Work item: Set down the entries once more, exactly as they are written.

----- Entries shown

lemma eigs_desc_compression:
  assumes sym: "transpose_mat B = B" and k: "2 \<le> k" "k \<le> n"
    and top: "\<alpha> \<le> eig C 1" and second: "eig C 2 \<le> \<alpha>"
  shows "eigs_desc L = hd (eigs_desc C) # replicate (n - k) \<alpha> @ tl (eigs_desc C)"
proof -
  define ys where "ys = eigs_desc C"
  have "C \<in> carrier_mat k k" using B by auto
  from eigs_desc_real_symmetric[OF this transpose_shifted_symmetric[OF B sym]]
  have ys: "length ys = k" "sorted_wrt (\<ge>) ys" "char_poly C = (\<Prod>y\<leftarrow>ys. [:- y, 1:])"
    unfolding ys_def by auto
  then obtain y0 y1 zs where ys_eq: "ys = y0 # y1 # zs"
    using k by (auto simp: numeral_2_eq_2 Suc_le_length_iff)
  have "y0 \<ge> \<alpha>" "y1 \<le> \<alpha>" using top second unfolding eig_def ys_def[symmetric] ys_eq by simp_all
  moreover have "sorted_wrt (\<ge>) (replicate r \<alpha>)" for r by (induction r) auto
  ultimately have sorted: "sorted_wrt (\<ge>) (y0 # replicate (n - k) \<alpha> @ y1 # zs)"
    using ys(2) unfolding ys_eq by (auto simp: sorted_wrt_append)
  have "char_poly L = (\<Prod>y\<leftarrow>y0 # replicate (n - k) \<alpha> @ y1 # zs. [:- y, 1:])"
    unfolding char_poly_compression[OF k(2)] ys(3) ys_eq
    by (simp only: list.map prod_list.Cons map_append prod_list.append map_replicate
        prod_list_replicate mult_ac)
  then have "eigs_desc L = y0 # replicate (n - k) \<alpha> @ y1 # zs"
    using sorted ys(1) k T B unfolding ys_eq by (intro eigs_desc_eqI) auto
  then show ?thesis unfolding ys_def[symmetric] ys_eq by simp
qed

lemma eig_compression:
  assumes sym: "transpose_mat B = B" and k: "2 \<le> k" "k \<le> n"
    and top: "\<alpha> \<le> eig C 1" and second: "eig C 2 \<le> \<alpha>"
  shows "\<And>j. j < k - 1 \<Longrightarrow> eig L (n - j) = eig C (k - j)"
    and "\<alpha> \<le> eig L (n - k + 1)"
    and "eig L (n - k + 2) = eig C 2"
proof -
  define ys where "ys = eigs_desc C"
  have eigs_L: "eigs_desc L = hd ys # replicate (n - k) \<alpha> @ tl ys"
    unfolding ys_def by (rule eigs_desc_compression[OF assms])
  have "C \<in> carrier_mat k k" using B by auto
  then have "length ys = k"
    unfolding ys_def
    by (rule eigs_desc_real_symmetric(1)[OF _ transpose_shifted_symmetric[OF B sym]])
  then obtain y0 y1 zs where ys_eq: "ys = y0 # y1 # zs"
    using k by (auto simp: numeral_2_eq_2 Suc_le_length_iff)
  show "eig L (n - j) = eig C (k - j)" if "j < k - 1" for j
  proof -
    define i where "i = k - j - 2"
    have "n - j - 1 = Suc (n - k + i)" "k - j - 1 = Suc i" using that k unfolding i_def by linarith+
    moreover have "(hd ys # replicate (n - k) \<alpha> @ tl ys) ! Suc (n - k + i) = tl ys ! i"
      by (simp add: nth_append)
    ultimately show ?thesis
      unfolding eig_def eigs_L ys_def[symmetric] by (simp add: ys_eq)
  qed
  show "\<alpha> \<le> eig L (n - k + 1)"
    using top unfolding eig_def eigs_L ys_def[symmetric] ys_eq
    by (cases "n - k") (auto simp: nth_append nth_Cons')
  show "eig L (n - k + 2) = eig C 2"
    unfolding eig_def eigs_L ys_def[symmetric] ys_eq by (simp add: nth_append)
qed

lemma compression_bottom_spectrum:
  assumes sym: "transpose_mat B = B" and k: "2 \<le> k" "k \<le> n"
    and top: "\<alpha> \<le> eig C 1" and second: "eig C 2 < \<alpha>"
  shows "is_bottom_eigvecs L (k - 1) V \<longleftrightarrow> (\<exists>R. is_bottom_eigvecs C (k - 1) R \<and> V = T * R)"
    and "\<alpha> \<le> eig L (n - k + 1)"
    and "eig L (n - k + 2) = eig C 2"
proof -
  note spectrum = eig_compression[OF sym k top less_imp_le[OF second]]
  have "eig L (n - j) \<noteq> \<alpha>" if "j < k - 1" for j
  proof -
    have "C \<in> carrier_mat k k" using B by auto
    then have "eig C (k - j) \<le> eig C 2"
      using that by (intro eig_antimono[OF _ transpose_shifted_symmetric[OF B sym]]) auto
    then show ?thesis using spectrum(1)[OF that] second by simp
  qed
  then show "is_bottom_eigvecs L (k - 1) V \<longleftrightarrow> (\<exists>R. is_bottom_eigvecs C (k - 1) R \<and> V = T * R)"
    using bottom_eigvecs_compression_iff spectrum(1) by blast
  show "\<alpha> \<le> eig L (n - k + 1)" "eig L (n - k + 2) = eig C 2" using spectrum(2,3) .
qed

end


section \<open>The secular equation of a diagonal plus rank-one matrix\<close>

lemma prod_linear_nonpos_imp_le_hd:
  fixes ys :: "'a :: linordered_idom list"
  assumes "sorted_wrt (\<ge>) ys" "ys \<noteq> []" "poly (\<Prod>y\<leftarrow>ys. [:- y, 1:]) x \<le> 0"
  shows "x \<le> hd ys"
proof (rule ccontr)
  assume "\<not> x \<le> hd ys"
  with assms(1,2) have "\<forall>y\<in>set ys. y < x" by (cases ys) auto
  then have "poly (\<Prod>y\<leftarrow>ys. [:- y, 1:]) x > 0"
    by (induction ys) (auto simp: algebra_simps)
  with assms(3) show False by simp
qed

definition secular :: "nat \<Rightarrow> real \<Rightarrow> (nat \<Rightarrow> real) \<Rightarrow> (nat \<Rightarrow> real) \<Rightarrow> real \<Rightarrow> real" where
  "secular k c N d x = 1 - c * (\<Sum>i<k. N i / (x - d i))"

----------

Your solution:
lemma eigs_desc_compression:
  assumes sym: "transpose_mat B = B" and k: "2 \<le> k" "k \<le> n"
    and top: "\<alpha> \<le> eig C 1" and second: "eig C 2 \<le> \<alpha>"
  shows "eigs_desc L = hd (eigs_desc C) # replicate (n - k) \<alpha> @ tl (eigs_desc C)"
proof -
  define ys where "ys = eigs_desc C"
  have "C \<in> carrier_mat k k" using B by auto
  from eigs_desc_real_symmetric[OF this transpose_shifted_symmetric[OF B sym]]
  have ys: "length ys = k" "sorted_wrt (\<ge>) ys" "char_poly C = (\<Prod>y\<leftarrow>ys. [:- y, 1:])"
    unfolding ys_def by auto
  then obtain y0 y1 zs where ys_eq: "ys = y0 # y1 # zs"
    using k by (auto simp: numeral_2_eq_2 Suc_le_length_iff)
  have "y0 \<ge> \<alpha>" "y1 \<le> \<alpha>" using top second unfolding eig_def ys_def[symmetric] ys_eq by simp_all
  moreover have "sorted_wrt (\<ge>) (replicate r \<alpha>)" for r by (induction r) auto
  ultimately have sorted: "sorted_wrt (\<ge>) (y0 # replicate (n - k) \<alpha> @ y1 # zs)"
    using ys(2) unfolding ys_eq by (auto simp: sorted_wrt_append)
  have "char_poly L = (\<Prod>y\<leftarrow>y0 # replicate (n - k) \<alpha> @ y1 # zs. [:- y, 1:])"
    unfolding char_poly_compression[OF k(2)] ys(3) ys_eq
    by (simp only: list.map prod_list.Cons map_append prod_list.append map_replicate
        prod_list_replicate mult_ac)
  then have "eigs_desc L = y0 # replicate (n - k) \<alpha> @ y1 # zs"
    using sorted ys(1) k T B unfolding ys_eq by (intro eigs_desc_eqI) auto
  then show ?thesis unfolding ys_def[symmetric] ys_eq by simp
qed

lemma eig_compression:
  assumes sym: "transpose_mat B = B" and k: "2 \<le> k" "k \<le> n"
    and top: "\<alpha> \<le> eig C 1" and second: "eig C 2 \<le> \<alpha>"
  shows "\<And>j. j < k - 1 \<Longrightarrow> eig L (n - j) = eig C (k - j)"
    and "\<alpha> \<le> eig L (n - k + 1)"
    and "eig L (n - k + 2) = eig C 2"
proof -
  define ys where "ys = eigs_desc C"
  have eigs_L: "eigs_desc L = hd ys # replicate (n - k) \<alpha> @ tl ys"
    unfolding ys_def by (rule eigs_desc_compression[OF assms])
  have "C \<in> carrier_mat k k" using B by auto
  then have "length ys = k"
    unfolding ys_def
    by (rule eigs_desc_real_symmetric(1)[OF _ transpose_shifted_symmetric[OF B sym]])
  then obtain y0 y1 zs where ys_eq: "ys = y0 # y1 # zs"
    using k by (auto simp: numeral_2_eq_2 Suc_le_length_iff)
  show "eig L (n - j) = eig C (k - j)" if "j < k - 1" for j
  proof -
    define i where "i = k - j - 2"
    have "n - j - 1 = Suc (n - k + i)" "k - j - 1 = Suc i" using that k unfolding i_def by linarith+
    moreover have "(hd ys # replicate (n - k) \<alpha> @ tl ys) ! Suc (n - k + i) = tl ys ! i"
      by (simp add: nth_append)
    ultimately show ?thesis
      unfolding eig_def eigs_L ys_def[symmetric] by (simp add: ys_eq)
  qed
  show "\<alpha> \<le> eig L (n - k + 1)"
    using top unfolding eig_def eigs_L ys_def[symmetric] ys_eq
    by (cases "n - k") (auto simp: nth_append nth_Cons')
  show "eig L (n - k + 2) = eig C 2"
    unfolding eig_def eigs_L ys_def[symmetric] ys_eq by (simp add: nth_append)
qed

lemma compression_bottom_spectrum:
  assumes sym: "transpose_mat B = B" and k: "2 \<le> k" "k \<le> n"
    and top: "\<alpha> \<le> eig C 1" and second: "eig C 2 < \<alpha>"
  shows "is_bottom_eigvecs L (k - 1) V \<longleftrightarrow> (\<exists>R. is_bottom_eigvecs C (k - 1) R \<and> V = T * R)"
    and "\<alpha> \<le> eig L (n - k + 1)"
    and "eig L (n - k + 2) = eig C 2"
proof -
  note spectrum = eig_compression[OF sym k top less_imp_le[OF second]]
  have "eig L (n - j) \<noteq> \<alpha>" if "j < k - 1" for j
  proof -
    have "C \<in> carrier_mat k k" using B by auto
    then have "eig C (k - j) \<le> eig C 2"
      using that by (intro eig_antimono[OF _ transpose_shifted_symmetric[OF B sym]]) auto
    then show ?thesis using spectrum(1)[OF that] second by simp
  qed
  then show "is_bottom_eigvecs L (k - 1) V \<longleftrightarrow> (\<exists>R. is_bottom_eigvecs C (k - 1) R \<and> V = T * R)"
    using bottom_eigvecs_compression_iff spectrum(1) by blast
  show "\<alpha> \<le> eig L (n - k + 1)" "eig L (n - k + 2) = eig C 2" using spectrum(2,3) .
qed

end


section \<open>The secular equation of a diagonal plus rank-one matrix\<close>

lemma prod_linear_nonpos_imp_le_hd:
  fixes ys :: "'a :: linordered_idom list"
  assumes "sorted_wrt (\<ge>) ys" "ys \<noteq> []" "poly (\<Prod>y\<leftarrow>ys. [:- y, 1:]) x \<le> 0"
  shows "x \<le> hd ys"
proof (rule ccontr)
  assume "\<not> x \<le> hd ys"
  with assms(1,2) have "\<forall>y\<in>set ys. y < x" by (cases ys) auto
  then have "poly (\<Prod>y\<leftarrow>ys. [:- y, 1:]) x > 0"
    by (induction ys) (auto simp: algebra_simps)
  with assms(3) show False by simp
qed

definition secular :: "nat \<Rightarrow> real \<Rightarrow> (nat \<Rightarrow> real) \<Rightarrow> (nat \<Rightarrow> real) \<Rightarrow> real \<Rightarrow> real" where
  "secular k c N d x = 1 - c * (\<Sum>i<k. N i / (x - d i))"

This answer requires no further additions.